People Ask Us To Be Unsuspicious In Reacting To Their "Am I The Jerk" Stories

We always want to come across as kind and compassionate people, therefore we go to tremendous lengths to avoid coming off as jerks. However, in order to ensure that our words and deeds are consistent with our goal to be decent people, we occasionally need to seek the counsel of others. Helping the individuals below identify the mistakes in their stories will enable them to get past their mistakes and improve moving forward. Please let us know by leaving a comment if, after reading their stories, you think they should be called jerks. AITJ = Am I the jerk? NTJ = Not the jerk WIBTJ = Would I be the jerk? YTJ = You're the jerk

23 . AITJ For Inheriting My Grandmother's House?

"I had an ugly divorce in 2010/2011 (details not important).

So I ended up moving back to my childhood town. I bought an apartment but the people asked for 2 months to move out. I still needed a place for that time.

My mother told me that since I work from home, I could help out her mother as she fell on slippery stairs and was bound to a wheelchair.

Other relatives wanted to put her in a nursing home and sell the house to cover the costs as her home was heated with firewood, it meant she could not do half of the stuff by herself and I agreed to do it! (She has 4 daughters and a son)

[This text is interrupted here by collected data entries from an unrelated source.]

(* Let $T = V/\Lambda$ be a compact torus of real dimension $n$ with a flat metric, where $V$ is an $n$-dimensional real vector space with an inner product and $\Lambda\le V$ a lattice of rank $n$, and let $T^{\mathbb{C}} = V^{\mathbb{C}}/\Lambda$ with $V^{\mathbb{C}} = V\otimes_{\mathbb{R}}\mathbb{C}$, containing $T$ via $V\hookrightarrow V^{\mathbb{C}}$. Suppose a finite group $\Gamma$ acts freely on $T$ by isometries. Then there exists a unique holomorphic $\Gamma$-action on $T^{\mathbb{C}}$ for which the inclusion $T\hookrightarrow T^{\mathbb{C}}$ is $\Gamma$-equivariant. Furthermore, this action is algebraic with respect to the algebraic structure on $T^{\mathbb{C}}$ induced by the biholomorphism $T^{\mathbb{C}}\to(\mathbb{C}^\times)^n$, $\sum_\alpha u_\alpha\lambda_\alpha + \Lambda\mapsto(e^{2\pi i u_1},\dots,e^{2\pi i u_n})$, for a $\mathbb{Z}$-basis $\lambda_1,\dots,\lambda_n$ of $\Lambda$. *)

theory Defs
  imports "HOL-Analysis.Analysis" "HOL-Algebra.Group"
begin

text \<open>Flat torus T = V / Lambda with V = real^'n (standard inner product), and
  Lambda the lattice with Z-basis b.  Its complexification is complex^'n / Lambda.
  Points of the quotients are represented by points of the covering spaces; maps
  of the quotients by maps of the covering spaces respecting the equivalence.\<close>

definition lattice_basis :: "('n::finite \<Rightarrow> real^'n) \<Rightarrow> bool" where
  "lattice_basis b \<longleftrightarrow> (\<forall>c. (\<Sum>i\<in>UNIV. c i *\<^sub>R b i) = 0 \<longrightarrow> (\<forall>i. c i = 0))"

definition lattice :: "('n::finite \<Rightarrow> real^'n) \<Rightarrow> (real^'n) set" where
  "lattice b = {(\<Sum>i\<in>UNIV. of_int (k i) *\<^sub>R b i) | k. True}"

definition embC :: "real^'n \<Rightarrow> complex^'n" where
  "embC x = (\<chi> j. complex_of_real (x $ j))"

definition clattice :: "('n::finite \<Rightarrow> real^'n) \<Rightarrow> (complex^'n) set" where
  "clattice b = embC ` lattice b"

definition lat_eq :: "('n::finite \<Rightarrow> real^'n) \<Rightarrow> real^'n \<Rightarrow> real^'n \<Rightarrow> bool" where
  "lat_eq b x y \<longleftrightarrow> x - y \<in> lattice b"

definition clat_eq :: "('n::finite \<Rightarrow> real^'n) \<Rightarrow> complex^'n \<Rightarrow> complex^'n \<Rightarrow> bool" where
  "clat_eq b z w \<longleftrightarrow> z - w \<in> clattice b"

definition tdist :: "('n::finite \<Rightarrow> real^'n) \<Rightarrow> real^'n \<Rightarrow> real^'n \<Rightarrow> real" where
  "tdist b x y = Inf ((\<lambda>l. norm (x - y - l)) ` lattice b)"

definition quot_action :: "('x \<Rightarrow> 'x \<Rightarrow> bool) \<Rightarrow> ('g, 'z) monoid_scheme \<Rightarrow> ('g \<Rightarrow> 'x \<Rightarrow> 'x) \<Rightarrow> bool" where
  "quot_action R G \<phi> \<longleftrightarrow>
     (\<forall>g\<in>carrier G. \<forall>x y. R x y \<longrightarrow> R (\<phi> g x) (\<phi> g y)) \<and>
     (\<forall>x. R (\<phi> \<one>\<^bsub>G\<^esub> x) x) \<and>
     (\<forall>g\<in>carrier G. \<forall>h\<in>carrier G. \<forall>x. R (\<phi> (g \<otimes>\<^bsub>G\<^esub> h) x) (\<phi> g (\<phi> h x)))"

definition free_quot_action :: "('x \<Rightarrow> 'x \<Rightarrow> bool) \<Rightarrow> ('g, 'z) monoid_scheme \<Rightarrow> ('g \<Rightarrow> 'x \<Rightarrow> 'x) \<Rightarrow> bool" where
  "free_quot_action R G \<phi> \<longleftrightarrow> (\<forall>g\<in>carrier G. g \<noteq> \<one>\<^bsub>G\<^esub> \<longrightarrow> (\<forall>x. \<not> R (\<phi> g x) x))"

definition torus_isometry :: "('n::finite \<Rightarrow> real^'n) \<Rightarrow> (real^'n \<Rightarrow> real^'n) \<Rightarrow> bool" where
  "torus_isometry b f \<longleftrightarrow> (\<forall>x y. tdist b (f x) (f y) = tdist b x y)"

definition cvec_holomorphic_on :: "(complex^'n \<Rightarrow> complex^'m) \<Rightarrow> (complex^'n) set \<Rightarrow> bool" where
  "cvec_holomorphic_on f S \<longleftrightarrow> open S \<and>
     (\<forall>z\<in>S. \<exists>L. (f has_derivative L) (at z) \<and>
        (\<forall>c v. L (\<chi> j. c * v $ j) = (\<chi> j. c * L v $ j)))"

definition ctorus_holomorphic :: "('n::finite \<Rightarrow> real^'n) \<Rightarrow> (complex^'n \<Rightarrow> complex^'n) \<Rightarrow> bool" where
  "ctorus_holomorphic b f \<longleftrightarrow>
     (\<forall>z. \<exists>e>0. \<exists>h. cvec_holomorphic_on h (ball z e) \<and> (\<forall>w\<in>ball z e. clat_eq b (h w) (f w)))"

definition ctorus_holo_action :: "('n::finite \<Rightarrow> real^'n) \<Rightarrow> ('g, 'z) monoid_scheme \<Rightarrow> ('g \<Rightarrow> complex^'n \<Rightarrow> complex^'n) \<Rightarrow> bool" where
  "ctorus_holo_action b G \<psi> \<longleftrightarrow> quot_action (clat_eq b) G \<psi> \<and> (\<forall>g\<in>carrier G. ctorus_holomorphic b (\<psi> g))"

definition equivariant_incl :: "('n::finite \<Rightarrow> real^'n) \<Rightarrow> ('g, 'z) monoid_scheme \<Rightarrow> ('g \<Rightarrow> real^'n \<Rightarrow> real^'n) \<Rightarrow> ('g \<Rightarrow> complex^'n \<Rightarrow> complex^'n) \<Rightarrow> bool" where
  "equivariant_incl b G \<phi> \<psi> \<longleftrightarrow> (\<forall>g\<in>carrier G. \<forall>x. clat_eq b (\<psi> g (embC x)) (embC (\<phi> g x)))"

definition ccomb :: "('n::finite \<Rightarrow> real^'n) \<Rightarrow> ('n \<Rightarrow> complex) \<Rightarrow> complex^'n" where
  "ccomb b u = (\<chi> j. \<Sum>i\<in>UNIV. u i * complex_of_real (b i $ j))"

definition ccoords :: "('n::finite \<Rightarrow> real^'n) \<Rightarrow> complex^'n \<Rightarrow> ('n \<Rightarrow> complex)" where
  "ccoords b z = (THE u. ccomb b u = z)"

definition expmap :: "('n::finite \<Rightarrow> real^'n) \<Rightarrow> complex^'n \<Rightarrow> complex^'n" where
  "expmap b z = (\<chi> i. exp (2 * of_real pi * \<i> * ccoords b z i))"

text \<open>Laurent polynomials in n variables (regular functions on (C^*)^n):
  finite set of exponent vectors K and coefficients c.\<close>
definition laurent_eval :: "('n::finite \<Rightarrow> int) set \<Rightarrow> (('n \<Rightarrow> int) \<Rightarrow> complex) \<Rightarrow> complex^'n \<Rightarrow> complex" where
  "laurent_eval K c w = (\<Sum>k\<in>K. c k * (\<Prod>i\<in>UNIV. (w $ i) powi (k i)))"

text \<open>A map of T^C is algebraic (a morphism of the variety (C^*)^n, transported
  via expmap) iff in the exponential coordinates each component is a Laurent polynomial.\<close>
definition ctorus_algebraic :: "('n::finite \<Rightarrow> real^'n) \<Rightarrow> (complex^'n \<Rightarrow> complex^'n) \<Rightarrow> bool" where
  "ctorus_algebraic b f \<longleftrightarrow>
     (\<exists>K c. (\<forall>j. finite (K j)) \<and>
        (\<forall>z j. expmap b (f z) $ j = laurent_eval (K j) (c j) (expmap b z)))"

The first two months went by quickly and we found out that my 75-year-old grandmother would not heal enough to get rid of her wheelchair she asked me if maybe I could just rent my new apartment out and stay with her - and I agreed to stay longer and decided that this house needs some renovation as keeping it warm was an effort itself - so I decided to build central heating system there and build new wheelchair accessible bathroom.

By 2015, I had spent so much money on the house that I had a 'what is going to happen if you are not here anymore' talk with my grandmother and asked if it would be okay if I bought out my other relatives (aunts and uncle) as they wanted to sell it anyway.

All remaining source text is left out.